Whitetail Adventure: Bowhunting "The Big Six"

The author pursues a wary, old 3x3 whitetail buck with a massive body.

Whitetail Adventure: Bowhunting "The Big Six"

In many ways, The Big Six reminded me a lot of myself. He was a loner, an older sway-backed whitetail buck that moved slowly and cautiously, on aching knees with a sore back. Growing up on the coast of California, I considered a big forked-horn “Pacific buck” muley a real trophy, and this whitetail’s oversized 3x3 rack took me back in time. He never traveled more than a half-mile from his bedding area, which was located in a brushy oak-studded creek bottom next door to a large alfalfa field. I wanted him.

In was late September 2021, and I was hunting with Ralph Dampman’s Trophy Ridge Outfitters (www.trophyridgeoutfitters.com,) out of Carlile, Wyoming, near the historic Devil’s Tower National Monument in the state’s northeast corner. I’ve hunted with Ralph off and on for decades and never been disappointed. The area is loaded with game, accommodations are comfy, the food plentiful, the guides excellent, and the chances for a successful hunt extremely high. 

My guide was Larry Compton, a retired career law enforcement officer and lifelong hunting fanatic. He was superb. When we decided to target The Big Six, the hunt became a game of cat and mouse. I’d been hunting different spots for a couple days, seeing lots of deer but no shooters, while Larry spent his time scouting. He saw The Big Six several times, often standing right near the main ranch road. Once I saw him, though, we shifted gears, and made a plan.

First was a morning blind set up in a little travel corridor inside the oaks. No dice. After that sit, as we were driving out about 0900, guess what?  There he was, standing under a pair of large oaks along the brushy creek bottom, all alone, not 20 yards off a dirt county road. Really? So that evening I hunkered down in a hay bale blind set up in a tiny finger of cut alfalfa a couple hundred yards from that spot. The Big Six didn’t show. When Larry picked me up after dark, he said the buck was right under the same twin oaks where we’d seen him that morning.

We decided the best plan was to forgo a morning blind hunt, and do some mobile scouting. We would park Larry’s truck an hour before first light right where it had been when he had seen the buck, and patiently see what developed. If it all worked out, we’d locate the buck and, if we could, make a stalk. If not, we’d try and put the puzzle together and plan an ambush.

Two hours after first light we hadn’t seen much, so we went for a cruise. And guess what? There was The Big Six, all alone, under the twin oaks. So we slowly drove by, parked up high 600 yards away where we could glass. About 10:00 a.m. or so, the buck ambled across the road, around a fence that bordered the ranch alfalfa field and past a pile of dozens of huge alfalfa bales, before disappearing in the head-high grass. There was no doubt we’d found his bedroom.

  

Risk vs. Reward

What to do? Maybe I could build a brush blind along the route he’d taken to bed, and hope to waylay him that evening. The problem? We didn’t know exactly how close he’d bedded to the two-story-tall hay bale pile, making that super risky. So I came up with an idea. Why not set a blind within range of those twin oaks that Larry had seen him at all week? We’d get set up by noon, let it rest that evening, and be there well before first light the next morning.
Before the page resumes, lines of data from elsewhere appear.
text \<open>Composing with a fixed group element permutes the summands of the uniform mixture.\<close>
lemma symmetric_dist_symmetrization: "symmetric_dist (symmetrization P)"
  unfolding symmetric_dist_def
proof (intro allI impI)
  fix g :: bool and \<pi> :: "'n \<Rightarrow> 'n"
  assume "\<pi> permutes UNIV"
  then have h: "(g, \<pi>) \<in> sym_group" by (simp add: sym_group_def)
  have act: "(\<lambda>z. perm_act (inv_act g z) \<pi>) = sym_act (g, \<pi>)"
    by (simp add: sym_act_def[abs_def])
  show "distr (symmetrization P) borel (\<lambda>z. perm_act (inv_act g z) \<pi>) = symmetrization P"
    unfolding act
  proof (rule measure_eqI)
    fix A assume "A \<in> sets (distr (symmetrization P) borel (sym_act (g, \<pi>)))"
    then have A: "A \<in> sets borel" by simp
    have meas: "sym_act (g, \<pi>) \<in> symmetrization P \<rightarrow>\<^sub>M borel"
      using measurable_cong_sets[OF sets_symmetrization refl] sym_act_measurable by blast
    have "emeasure (distr (symmetrization P) borel (sym_act (g, \<pi>))) A
        = emeasure (symmetrization P) (sym_act (g, \<pi>) -` A)"
      using emeasure_distr[OF meas A] space_eq_UNIV_if_sets_borel[OF sets_symmetrization] by simp
    also have "\<dots> = (\<integral>\<^sup>+a. emeasure P (sym_act (g \<noteq> fst a, snd a \<circ> \<pi>) -` A)
                      \<partial>uniform_count_measure sym_group)"
      using A by (simp add: emeasure_symmetrization vimage_def sym_act_sym_act)
    also have "\<dots> = emeasure (symmetrization P) A"
      using nn_integral_uniform_count_measure_bij[OF finite_sym_group bij_betw_sym_group_mult[OF h],
          of "\<lambda>a. emeasure P (sym_act a -` A)"]
      by (simp add: emeasure_symmetrization A)
    finally show "emeasure (distr (symmetrization P) borel (sym_act (g, \<pi>))) A
        = emeasure (symmetrization P) A" .
  qed (simp add: sets_symmetrization)
qed

end

lemma symmetrization_Pn:
  fixes P :: "(real^'n::finite) measure"
  assumes "P \<in> Pn"
  shows "symmetrization P \<in> Pn"
proof -
  have P: "prob_space P" "sets P = sets borel" "emeasure P pos_orthant = 1"
    using assms by (auto simp: Pn_iff)
  have "emeasure (symmetrization P) pos_orthant
      = (\<integral>\<^sup>+a. 1 \<partial>uniform_count_measure (sym_group :: (bool \<times> ('n \<Rightarrow> 'n)) set))"
    unfolding emeasure_symmetrization[OF P(1,2) pos_orthant_sets]
    by (rule nn_integral_cong) (simp add: space_uniform_count_measure vimage_sym_act_pos_orthant P(3))
  also have "\<dots> = 1"
    using prob_space.emeasure_space_1[OF prob_space_uniform_count_measure[OF finite_sym_group sym_group_nonempty]]
    by simp
  finally have "emeasure (symmetrization P) pos_orthant = 1" .
  then show ?thesis using P by (simp add: Pn_iff prob_space_symmetrization sets_symmetrization)
qed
Larry had a pop-up blind in the truck, so we brushed it in across the creek channel up against a cut bank exactly 42 yards from the twin oaks. We’d be in deep morning shadows, and the prevailing wind would be good. That afternoon back at the lodge I set up a ground blind chair and shot a bunch of arrows at a 3-D buck target to get ready. I was in the blind an hour before first light the next morning.

At 0615 it was still quite dark when a some does started feeding under the twin oaks trees. None showed any interest in our blind. Thinking we still had lots of time, I saw a deer through some thick trees near the road. My goodness, it’s The Big Six, and he’s coming! He walked slowly, and stopped for minutes, sensing. But instead of turning left to the twin oaks, he turned right and nibbled leaves in a thick patch of young trees for 15 minutes. Even though he was less than 50 yards, there was no shot through the branches. Then, after a few agonizing minutes, he headed for the twin oaks.

He was 40 yards, as we’d anticipated. The 100-grain SEVR Max Cut crashed through his right scapula, and as he ran off, the shaft was kicked back out. I radioed Larry, and when he arrived we found the shaft, broken off right at the ferrule, but the blood showed deep penetration. We waited an hour before taking up the trail. Thankfully the buck didn’t make it 150 yards.

The Big Six was a true trophy buck, weighing more than 250 pounds on the hoof, with lots of age and in prime condition. It was a hunt I will never, ever forget.